I too have been thinking over my feelings about Mandala’s passing and his long and inspiring life.
The way you couple Mandala with The Buddha caught my eye.
You say:
“…Thus it is that Mandela is glorified for his transformation from a militant activist to the inspirational figure of peace and reconciliation he became, as was in another context (for instance) the one called the Buddha for his leaving his home and his riches (including wife and child) for a life of roaming the land while preaching compassion.”
All very well but here , I think, we have to ask glorified to who? That is to say, within any discourse, for example the one on Mandala’s “transformation from a militant activist to the inspirational figure of peace and reconciliation he became,” which we have heard endlessly spun out in the media these last weeks, we need to ask about the subject position embedded within such a narrative—that ‘militant activism’ is undemocratic, unreasonable, in contrast to the democratic reasonableness of reconciliation and compassion.

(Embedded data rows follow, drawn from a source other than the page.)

lemma gamma3_riemann_quantities:
  fixes m :: nat
  assumes \<Omega>: "open \<Omega>" and pos: "\<forall>z\<in>\<Omega>. \<rho> z > 0"
    and sm: "smooth_on \<Omega> \<rho>" "smooth_on \<Omega> u" and c: "c = sqrt (3 * K)"
  shows "\<forall>z\<in>\<Omega>. c2 K 3 \<rho> u z = riemann_invariant c \<rho> u z"
    and "\<forall>z\<in>\<Omega>. c1 K 3 \<rho> u z = riemann_invariant (- c) \<rho> u z"
    and "\<forall>z\<in>\<Omega>. alpha m K 3 \<rho> u z = char_gradient m (riemann_invariant c \<rho> u) (riemann_source c \<rho> u) z"
    and "\<forall>z\<in>\<Omega>. beta m K 3 \<rho> u z
      = char_gradient m (riemann_invariant (- c) \<rho> u) (riemann_source (- c) \<rho> u) z"
proof -
  have hh: "hh K 3 \<rho> w = c * \<rho> w" if "w \<in> \<Omega>" for w
    using bspec[OF pos that] by (simp add: hh_def c mult.commute)
  have pr_hh: "pr (hh K 3 \<rho>) z = c * pr \<rho> z"
    and pr_riemann: "pr (riemann_invariant c' \<rho> u) z = pr u z + c' * pr \<rho> z" if z: "z \<in> \<Omega>" for z c'
  proof -
    obtain x t where xt: "z = (x, t)" by fastforce
    have d: "\<rho> differentiable at (x, t)" "u differentiable at (x, t)"
      using sm \<Omega> z smooth_on_differentiable_at unfolding xt by blast+
    have "pr (hh K 3 \<rho>) (x, t) = pr (\<lambda>w. c * \<rho> w) (x, t)"
      using \<Omega> z hh unfolding xt by (intro pr_eq_on_open) auto
    also have "\<dots> = c * pr \<rho> (x, t)"
      using d by (intro pr_eqI) (auto intro!: derivative_eq_intros has_real_derivative_pr)
    finally show "pr (hh K 3 \<rho>) z = c * pr \<rho> z" unfolding xt .
    show "pr (riemann_invariant c' \<rho> u) z = pr u z + c' * pr \<rho> z"
      unfolding riemann_invariant_def[abs_def] xt by (rule pr_add_scaled[OF d(2,1)])
  qed
  show "\<forall>z\<in>\<Omega>. c2 K 3 \<rho> u z = riemann_invariant c \<rho> u z"
    "\<forall>z\<in>\<Omega>. c1 K 3 \<rho> u z = riemann_invariant (- c) \<rho> u z"
    using hh by (simp_all add: c1_def c2_def riemann_invariant_def)
  show "\<forall>z\<in>\<Omega>. alpha m K 3 \<rho> u z = char_gradient m (riemann_invariant c \<rho> u) (riemann_source c \<rho> u) z"
    "\<forall>z\<in>\<Omega>. beta m K 3 \<rho> u z
      = char_gradient m (riemann_invariant (- c) \<rho> u) (riemann_source (- c) \<rho> u) z"
    using hh pr_hh pr_riemann
    by (simp_all add: alpha_def beta_def char_gradient_def c1_def c2_def riemann_invariant_def
        riemann_source_def mult.assoc)
qed
lemma wdist_commute:
  assumes "fin_gen_set G S" "x \<in> carrier G" "y \<in> carrier G"
  shows "wdist G S x y = wdist G S y x"
proof -
  have le: "wdist G S a b \<le> wdist G S b a" if "a \<in> carrier G" "b \<in> carrier G" for a b
  proof -
    have "inv (inv b \<otimes> a) = inv a \<otimes> b" using that by (simp add: inv_mult_group)
    then show ?thesis
      unfolding wdist_def using word_length_inv[OF assms(1), of "inv b \<otimes> a"] that by simp
  qed
  show ?thesis using le[of x y] le[of y x] assms by simp
qed

end

lemma cones_subset_carrier:
  assumes "group_pair G Ps" "A \<in> cones G Ps"
  shows "snd A \<subseteq> carrier G"
proof -
  obtain k g where A: "A = (k, g <#\<^bsub>G\<^esub> (Ps ! k))" "k < length Ps" "g \<in> carrier G"
    using assms(2) unfolding cones_def by blast
  then have "group G" "subgroup (Ps ! k) G" using assms(1) unfolding group_pair_def by auto
  then show ?thesis using A group.l_coset_subset_G[OF _ subgroup.subset] by simp
qed

lemma hausdorff_dist_lessD:
  assumes "hausdorff_dist G S X Y < ereal M" "x \<in> X"
  obtains y where "y \<in> Y" "real (wdist G S x y) < M"
proof -
  have "(INF y\<in>Y. ereal (real (wdist G S x y))) \<le> (SUP x\<in>X. INF y\<in>Y. ereal (real (wdist G S x y)))"
    using assms(2) by (rule SUP_upper)
  also have "\<dots> < ereal M" using assms(1) unfolding hausdorff_dist_def by simp
  finally show ?thesis using that by (auto simp: INF_less_iff)
qed

lemma lipschitz_map_of_pairs_consts:
  "lipschitz_map_of_pairs G Ps S H Qs T L C M f1 f2 \<Longrightarrow> L \<ge> 1 \<and> C \<ge> 0 \<and> M \<ge> 0"
  unfolding lipschitz_map_of_pairs_def by auto

lemma lipschitz_map_of_pairs_carrier:
  "lipschitz_map_of_pairs G Ps S H Qs T L C M f1 f2 \<Longrightarrow> x \<in> carrier G \<Longrightarrow> f1 x \<in> carrier H"
  unfolding lipschitz_map_of_pairs_def lipschitz_map_def by auto

lemma lipschitz_map_of_pairs_cones:
  "lipschitz_map_of_pairs G Ps S H Qs T L C M f1 f2 \<Longrightarrow> A \<in> cones G Ps \<Longrightarrow> f2 A \<in> cones H Qs"
  unfolding lipschitz_map_of_pairs_def by auto

lemma lipschitz_map_of_pairs_wdist_le:
  assumes "lipschitz_map_of_pairs G Ps S H Qs T L C M f1 f2"
    and "x \<in> carrier G" "y \<in> carrier G" "real (wdist G S x y) \<le> D"
  shows "real (wdist H T (f1 x) (f1 y)) \<le> L * D + C"
proof -
  have "L \<ge> 1" "real (wdist H T (f1 x) (f1 y)) \<le> L * real (wdist G S x y) + C"
    using assms(1-3) unfolding lipschitz_map_of_pairs_def lipschitz_map_def by auto
  moreover have "L * real (wdist G S x y) \<le> L * D"
    using assms(4) \<open>L \<ge> 1\<close> by (intro mult_left_mono) auto
  ultimately show ?thesis by linarith
qed

lemma lipschitz_map_of_pairs_near_cone:
  assumes GP: "group_pair G Ps" and HQ: "group_pair H Qs" and T: "fin_gen_set H T"
    and f: "lipschitz_map_of_pairs G Ps S H Qs T L C M f1 f2"
    and A: "A \<in> cones G Ps" and g: "g \<in> carrier G" and a: "a \<in> snd A"
    and ga: "real (wdist G S g a) \<le> D"
  obtains b where "b \<in> snd (f2 A)" "real (wdist H T (f1 g) b) \<le> L * D + C + M"
proof -
  have a_carrier: "a \<in> carrier G" using cones_subset_carrier[OF GP A] a by auto
  have "hausdorff_dist H T (f1 ` snd A) (snd (f2 A)) < ereal M"
    using f A unfolding lipschitz_map_of_pairs_def by blast
  then obtain b where b: "b \<in> snd (f2 A)" "real (wdist H T (f1 a) b) < M"
    by (rule hausdorff_dist_lessD[OF _ imageI[OF a]])
  have "b \<in> carrier H"
    using cones_subset_carrier[OF HQ lipschitz_map_of_pairs_cones[OF f A]] b by auto
  moreover have "real (wdist H T (f1 g) (f1 a)) \<le> L * D + C"
    by (rule lipschitz_map_of_pairs_wdist_le[OF f g a_carrier ga])
  moreover have "group H" using HQ by (simp add: group_pair_def)
  ultimately have "real (wdist H T (f1 g) b) \<le> L * D + C + M"
    using group.wdist_triangle_le[of H T "f1 g" "f1 a" b] T g a_carrier
      lipschitz_map_of_pairs_carrier[OF f] less_imp_le[OF b(2)] by blast
  then show ?thesis using b(1) that by blast
qed
text \<open>A compact Hausdorff topological semigroup containing a dense abelian group
  (with identity \<open>u\<close>) is a compact abelian topological group: commutativity and the
  identity law are closed conditions, so they extend from the dense subgroup.\<close>

lemma compact_semigroup_dense_group:
  assumes K: "compact_hausdorff_topsemigroup K m"
    and G_sub: "G \<subseteq> topspace K" and G_dense: "K closure_of G = topspace K"
    and G_comm: "\<And>x y. x \<in> G \<Longrightarrow> y \<in> G \<Longrightarrow> m x y = m y x"
    and u: "u \<in> G" and G_unit: "\<And>x. x \<in> G \<Longrightarrow> m u x = x"
    and G_inv: "\<And>x. x \<in> G \<Longrightarrow> \<exists>y\<in>G. m x y = u"
  shows "compact_abelian_topological_group K m"
proof -
  have Hausdorff: "Hausdorff_space K" and compact: "compact_space K"
    and tsg: "topological_semigroup_on K m"
    and mult: "continuous_map (prod_topology K K) K (\<lambda>z. m (fst z) (snd z))"
    using K by (auto simp: compact_hausdorff_topsemigroup_def topological_semigroup_on_def)
  have u_K: "u \<in> topspace K" using u G_sub by auto
  have comm: "m x y = m y x" if "x \<in> topspace K" "y \<in> topspace K" for x y
  proof -
    let ?E = "{z \<in> topspace (prod_topology K K). m (fst z) (snd z) = m (snd z) (fst z)}"
    have "continuous_map (prod_topology K K) (prod_topology K K) (\<lambda>z. (snd z, fst z))"
      by (intro continuous_map_pairedI continuous_map_fst continuous_map_snd)
    from continuous_map_compose[OF this mult]
    have "continuous_map (prod_topology K K) K (\<lambda>z. m (snd z) (fst z))" by (simp add: o_def)
    then have "closedin (prod_topology K K) ?E"
      by (rule closedin_continuous_maps_eq[OF Hausdorff mult])
    moreover have "G \<times> G \<subseteq> ?E" using G_sub G_comm by auto
    ultimately have "prod_topology K K closure_of (G \<times> G) \<subseteq> ?E" by (rule closure_of_minimal[rotated])
    then show ?thesis using that G_dense by (auto simp: closure_of_Times)
  qed
  have unit: "m u x = x" if "x \<in> topspace K" for x
  proof -
    have "closedin K {x \<in> topspace K. m u x = id x}"
      by (rule closedin_continuous_maps_eq[OF Hausdorff
            topological_semigroup_translations(1)[OF tsg u_K] continuous_map_id])
    moreover have "G \<subseteq> {x \<in> topspace K. m u x = id x}" using G_sub G_unit by auto
    ultimately show ?thesis using G_dense closure_of_minimal that by fastforce
  qed
  obtain inv where "continuous_map K K inv"
    "\<And>x. x \<in> topspace K \<Longrightarrow> inv x \<in> topspace K \<and> m x (inv x) = u"
    using compact_commutative_monoid_inverses[OF K u_K comm unit G_sub G_dense] G_inv G_sub
    by blast
  then show ?thesis
    unfolding compact_abelian_topological_group_def using compact Hausdorff tsg comm unit u_K
    by (intro conjI bexI[of _ u] exI[of _ inv]) auto
qed
text \<open>Feasible set of (Q): triples (x, mu, eta) with mu i j = mu^(i)_j and eta i k = eta^(i)_k.
  Values of mu, eta outside the index ranges are unconstrained.\<close>
definition feasQ :: "nat \<Rightarrow> (nat \<Rightarrow> real^'n) \<Rightarrow> (nat \<Rightarrow> real) \<Rightarrow> nat \<Rightarrow> (nat \<Rightarrow> real^'n^'n)
    \<Rightarrow> (nat \<Rightarrow> real) \<Rightarrow> nat \<Rightarrow> (nat \<Rightarrow> real^'n) \<Rightarrow> (nat \<Rightarrow> real^'n)
    \<Rightarrow> ((real^'n) \<times> (nat \<Rightarrow> nat \<Rightarrow> real) \<times> (nat \<Rightarrow> nat \<Rightarrow> real^'n)) set" where
  "feasQ r h b s V v m xs ys = {(x, \<mu>, \<eta>).
     (\<forall>i<r. h i \<bullet> x \<le> b i) \<and>
     (\<forall>i<r. (\<Sum>k<m. ys k \<bullet> \<eta> i k) + (\<Sum>j<s. \<mu> i j * v j) \<le> b i) \<and>
     (\<forall>i<r. outer x (h i) = (\<Sum>k<m. outer (xs k) (\<eta> i k)) + (\<Sum>j<s. \<mu> i j *\<^sub>R transpose (V j))) \<and>
     (\<forall>i<r. \<forall>j<s. 0 \<le> \<mu> i j)}"

end

theory Submission
  imports Defs
begin

text \<open>Write \<open>Z = A\<^sup>T\<close>. The robust constraint of row \<open>i\<close> in (P) says that the linear functional
  \<open>Z \<mapsto> \<langle>x h\<^sub>i\<^sup>T, Z\<rangle>\<close> is at most \<open>b\<^sub>i\<close> on the polyhedron
  \<open>{Z. \<langle>V\<^sub>j\<^sup>T, Z\<rangle> \<le> v\<^sub>j, Z\<^sup>T x\<^sub>k = y\<^sub>k}\<close>, which is nonempty since it contains \<open>A\<^sub>\<star>\<^sup>T\<close>.
  By the affine Farkas lemma this holds iff \<open>x h\<^sub>i\<^sup>T\<close> is a nonnegative combination of the
  \<open>V\<^sub>j\<^sup>T\<close> plus a combination \<open>\<Sum> x\<^sub>k \<eta>\<^sub>k\<^sup>T\<close> of the equality constraints whose right-hand
  side \<open>\<Sum> y\<^sub>k\<^sup>T \<eta>\<^sub>k + \<Sum> \<mu>\<^sub>j v\<^sub>j\<close> is at most \<open>b\<^sub>i\<close>, i.e. iff the \<open>i\<close>-th block of (Q) is solvable.
  The Farkas lemma follows by separating \<open>(f, \<beta>)\<close> from the finitely generated, hence closed,
  cone of constraint pairs \<open>(g, d)\<close>.\<close>

lemma finite_convex_cone_separation:
  fixes G :: "'a::euclidean_space set"
  assumes "finite G" and "x \<notin> convex_cone hull G"
  obtains a where "\<And>g. g \<in> G \<Longrightarrow> 0 \<le> a \<bullet> g" and "a \<bullet> x < 0"
proof -
  obtain a c where ax: "a \<bullet> x < c" and above: "\<And>y. y \<in> convex_cone hull G \<Longrightarrow> c < a \<bullet> y"
    using separating_hyperplane_closed_point[OF convex_convex_cone_hull
        closed_convex_cone_hull[OF \<open>finite G\<close>] \<open>x \<notin> convex_cone hull G\<close>]
    by blast
  have "c < 0"
    using above[OF convex_cone_hull_contains_0] by simp
  have "0 \<le> a \<bullet> g" if "g \<in> G" for g
  proof (rule ccontr)
    assume "\<not> 0 \<le> a \<bullet> g"
    then have "(c / (a \<bullet> g)) *\<^sub>R g \<in> convex_cone hull G"
      using \<open>c < 0\<close> that by (intro convex_cone_hull_mul hull_inc) (auto simp: divide_nonpos_neg)
    with above have "c < a \<bullet> ((c / (a \<bullet> g)) *\<^sub>R g)" by blast
    with \<open>\<not> 0 \<le> a \<bullet> g\<close> show False by simp
  qed
  with ax \<open>c < 0\<close> show thesis using that by force
qed

definition dual_combinations ::
    "'i set \<Rightarrow> ('i \<Rightarrow> 'a::euclidean_space) \<Rightarrow> ('i \<Rightarrow> real) \<Rightarrow>
     'k set \<Rightarrow> ('k \<Rightarrow> 'a \<Rightarrow> 'b::euclidean_space) \<Rightarrow> ('k \<Rightarrow> 'b) \<Rightarrow> ('a \<times> real) set" where
  "dual_combinations I g d K L q = {(f, \<beta>). \<exists>\<mu> \<eta>. (\<forall>i\<in>I. 0 \<le> \<mu> i)
     \<and> f = (\<Sum>k\<in>K. adjoint (L k) (\<eta> k)) + (\<Sum>i\<in>I. \<mu> i *\<^sub>R g i)
     \<and> (\<Sum>k\<in>K. q k \<bullet> \<eta> k) + (\<Sum>i\<in>I. \<mu> i * d i) \<le> \<beta>}"

lemma convex_cone_dual_combinations:
  assumes linear: "\<And>k. k \<in> K \<Longrightarrow> linear (L k)"
  shows "convex_cone (dual_combinations I g d K L q)"
proof -
  have adjoint_linear_L: "linear (adjoint (L k))" if "k \<in> K" for k
    using linear[OF that] by (rule adjoint_linear)
  show ?thesis
    unfolding convex_cone_iff
  proof (intro conjI ballI allI impI)
    show "0 \<in> dual_combinations I g d K L q"
      unfolding dual_combinations_def zero_prod_def
      by (auto intro!: exI[of _ "\<lambda>_. 0"] simp: linear_0 adjoint_linear_L)
  next
    fix w w' assume "w \<in> dual_combinations I g d K L q" "w' \<in> dual_combinations I g d K L q"
    then obtain \<mu> \<eta> \<mu>' \<eta>' where
      "\<forall>i\<in>I. 0 \<le> \<mu> i" "fst w = (\<Sum>k\<in>K. adjoint (L k) (\<eta> k)) + (\<Sum>i\<in>I. \<mu> i *\<^sub>R g i)"
      "(\<Sum>k\<in>K. q k \<bullet> \<eta> k) + (\<Sum>i\<in>I. \<mu> i * d i) \<le> snd w"
      "\<forall>i\<in>I. 0 \<le> \<mu>' i" "fst w' = (\<Sum>k\<in>K. adjoint (L k) (\<eta>' k)) + (\<Sum>i\<in>I. \<mu>' i *\<^sub>R g i)"
      "(\<Sum>k\<in>K. q k \<bullet> \<eta>' k) + (\<Sum>i\<in>I. \<mu>' i * d i) \<le> snd w'"
      unfolding dual_combinations_def by auto
    then show "w + w' \<in> dual_combinations I g d K L q"
      unfolding dual_combinations_def
      by (auto intro!: exI[of _ "\<lambda>i. \<mu> i + \<mu>' i"] exI[of _ "\<lambda>k. \<eta> k + \<eta>' k"]
          simp: prod_eq_iff linear_add adjoint_linear_L sum.distrib algebra_simps)
  next
    fix w and t :: real assume "w \<in> dual_combinations I g d K L q" "0 \<le> t"
    then obtain \<mu> \<eta> where
      "\<forall>i\<in>I. 0 \<le> \<mu> i" "fst w = (\<Sum>k\<in>K. adjoint (L k) (\<eta> k)) + (\<Sum>i\<in>I. \<mu> i *\<^sub>R g i)"
      "(\<Sum>k\<in>K. q k \<bullet> \<eta> k) + (\<Sum>i\<in>I. \<mu> i * d i) \<le> snd w"
      unfolding dual_combinations_def by auto
    moreover have "t * ((\<Sum>k\<in>K. q k \<bullet> \<eta> k) + (\<Sum>i\<in>I. \<mu> i * d i)) \<le> t * snd w"
      using calculation(3) \<open>0 \<le> t\<close> by (rule mult_left_mono)
    ultimately show "t *\<^sub>R w \<in> dual_combinations I g d K L q"
      unfolding dual_combinations_def using \<open>0 \<le> t\<close>
      by (auto intro!: exI[of _ "\<lambda>i. t * \<mu> i"] exI[of _ "\<lambda>k. t *\<^sub>R \<eta> k"]
          simp: prod_eq_iff linear_cmul adjoint_linear_L scaleR_sum_right sum_distrib_left
            algebra_simps)
  qed
qed

lemma convex_cone_hull_constraints_subset_dual_combinations:
  fixes g :: "'i \<Rightarrow> 'a::euclidean_space" and L :: "'k \<Rightarrow> 'a \<Rightarrow> 'b::euclidean_space"
  assumes "finite I" and "finite K" and "\<And>k. k \<in> K \<Longrightarrow> linear (L k)"
  shows "convex_cone hull insert (0, 1) ((\<lambda>i. (g i, d i)) ` I \<union>
      (\<lambda>(k, e). (adjoint (L k) e, q k \<bullet> e)) ` (K \<times> E)) \<subseteq> dual_combinations I g d K L q"
proof (intro hull_minimal convex_cone_dual_combinations assms(3))
  have adjoint_0: "adjoint (L k) 0 = 0" if "k \<in> K" for k
    using assms(3)[OF that] by (simp add: adjoint_linear linear_0)
  have "(0, 1) \<in> dual_combinations I g d K L q"
    unfolding dual_combinations_def by (auto intro!: exI[of _ "\<lambda>_. 0"] simp: adjoint_0)
  moreover have "(g i, d i) \<in> dual_combinations I g d K L q" if "i \<in> I" for i
    unfolding dual_combinations_def using that \<open>finite I\<close>
    by (auto intro!: exI[of _ "\<lambda>i'. if i' = i then 1 else 0 :: real"] exI[of _ "\<lambda>_. 0 :: 'b"]
        simp: adjoint_0 if_distrib[of "\<lambda>c. c *\<^sub>R _"] if_distrib[of "\<lambda>c. c * _"] cong: if_cong)
  moreover have "(adjoint (L k) e, q k \<bullet> e) \<in> dual_combinations I g d K L q" if "k \<in> K" for k e
    unfolding dual_combinations_def using that \<open>finite K\<close>
    by (auto intro!: exI[of _ "\<lambda>_. 0 :: real"] exI[of _ "\<lambda>k'. if k' = k then e else 0"]
        simp: adjoint_0 if_distrib[of "adjoint (L _)"] if_distrib[of "inner _"] cong: if_cong)
  ultimately show "insert (0, 1) ((\<lambda>i. (g i, d i)) ` I \<union>
      (\<lambda>(k, e). (adjoint (L k) e, q k \<bullet> e)) ` (K \<times> E)) \<subseteq> dual_combinations I g d K L q"
    by auto
qed

lemma bounded_if_dual_combination:
  fixes g :: "'i \<Rightarrow> 'a::euclidean_space" and L :: "'k \<Rightarrow> 'a \<Rightarrow> 'b::euclidean_space"
  assumes linear: "\<And>k. k \<in> K \<Longrightarrow> linear (L k)"
    and "(f, \<beta>) \<in> dual_combinations I g d K L q"
    and z: "\<forall>i\<in>I. g i \<bullet> z \<le> d i" "\<forall>k\<in>K. L k z = q k"
  shows "f \<bullet> z \<le> \<beta>"
proof -
  obtain \<mu> \<eta> where \<mu>: "\<forall>i\<in>I. 0 \<le> \<mu> i"
    and f: "f = (\<Sum>k\<in>K. adjoint (L k) (\<eta> k)) + (\<Sum>i\<in>I. \<mu> i *\<^sub>R g i)"
    and \<beta>: "(\<Sum>k\<in>K. q k \<bullet> \<eta> k) + (\<Sum>i\<in>I. \<mu> i * d i) \<le> \<beta>"
    using \<open>(f, \<beta>) \<in> dual_combinations I g d K L q\<close> unfolding dual_combinations_def by blast
  have "f \<bullet> z = (\<Sum>k\<in>K. \<eta> k \<bullet> L k z) + (\<Sum>i\<in>I. \<mu> i * (g i \<bullet> z))"
    unfolding f by (simp add: inner_add_left inner_sum_left adjoint_clauses linear)
  also have "\<dots> \<le> (\<Sum>k\<in>K. q k \<bullet> \<eta> k) + (\<Sum>i\<in>I. \<mu> i * d i)"
    using z \<mu> by (auto intro!: add_mono sum_mono mult_left_mono simp: inner_commute)
  finally show ?thesis
    using \<beta> by linarith
qed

The ‘western Buddhist’ is one such subject position , the liberal democrat another…. the subject position implies an unspoken confluence of values , a sort of naturalization of suppositions that are in fact socially produced ideology structuring the discourse and, by default, serving particular economic and political interests.
A free decision, in such a context, might need to be founded on an awareness of the myriad subject positions always and already formed within the various discourses which shape our understanding of what might be possible for us personally and collectively.
We could say that our condition is overdetermined— we are formed as you say by great changes within which lie:
… complex events, things that influenced the lives of these persons in ways so intricate that they cannot be fully analyzed, even if one had superhuman knowledge of historical detail.
I would go so far as to say that our unique individuality is just that very confluence of intricacies. It will always seem paradoxical to a certain logic that relational interdependence and identity are compatible in thought.
And the freedom exercised by this paradoxical entity is further constrained by the already formed ideological subject positions which hail him or her by way of the discourses within which, as a conceptualizing /language using animal, he has his being.
As you say in your post on metaphysics:
…..Hermeneutic, because understanding the power of interpretation and taking it into account, may guard us from some ideological delusions. Deconstructive, because becoming aware of how things, or views of things become constructed by historical, political and ethical conditions, may guard us from taking things in the seemingly solid manner in which they pose.
For me , at this stage anyway, this whole discussion on freedom of choice is bracketed on the one side by a disposition, or lets say an axiomatic stance— that no transcendental entity exists over and against the myriad conditioning factors, a self or pseudo-self that could oversee the situation and make an absolutely free choice—on the other side by a certainty that we can indeed choose and are therefore free to make and/or unmake our individual and collective worlds.
Thanks again for your thoughtful posts.
Thanks, Patrick, for your profound comment. You indicate exactly the philosophical problem with which I am trying to deal: taking the myriads of influences seriously, but then not ignoring the human experience of decision. That is why I named that experience a ‘decisive moment’ – a moment itself being the experience of density in the flow of time, of ‘something happening’ in which I am involved, but of which I am not master – that is why a long hermeneutical process is needed before we understand the decisions we make/have made.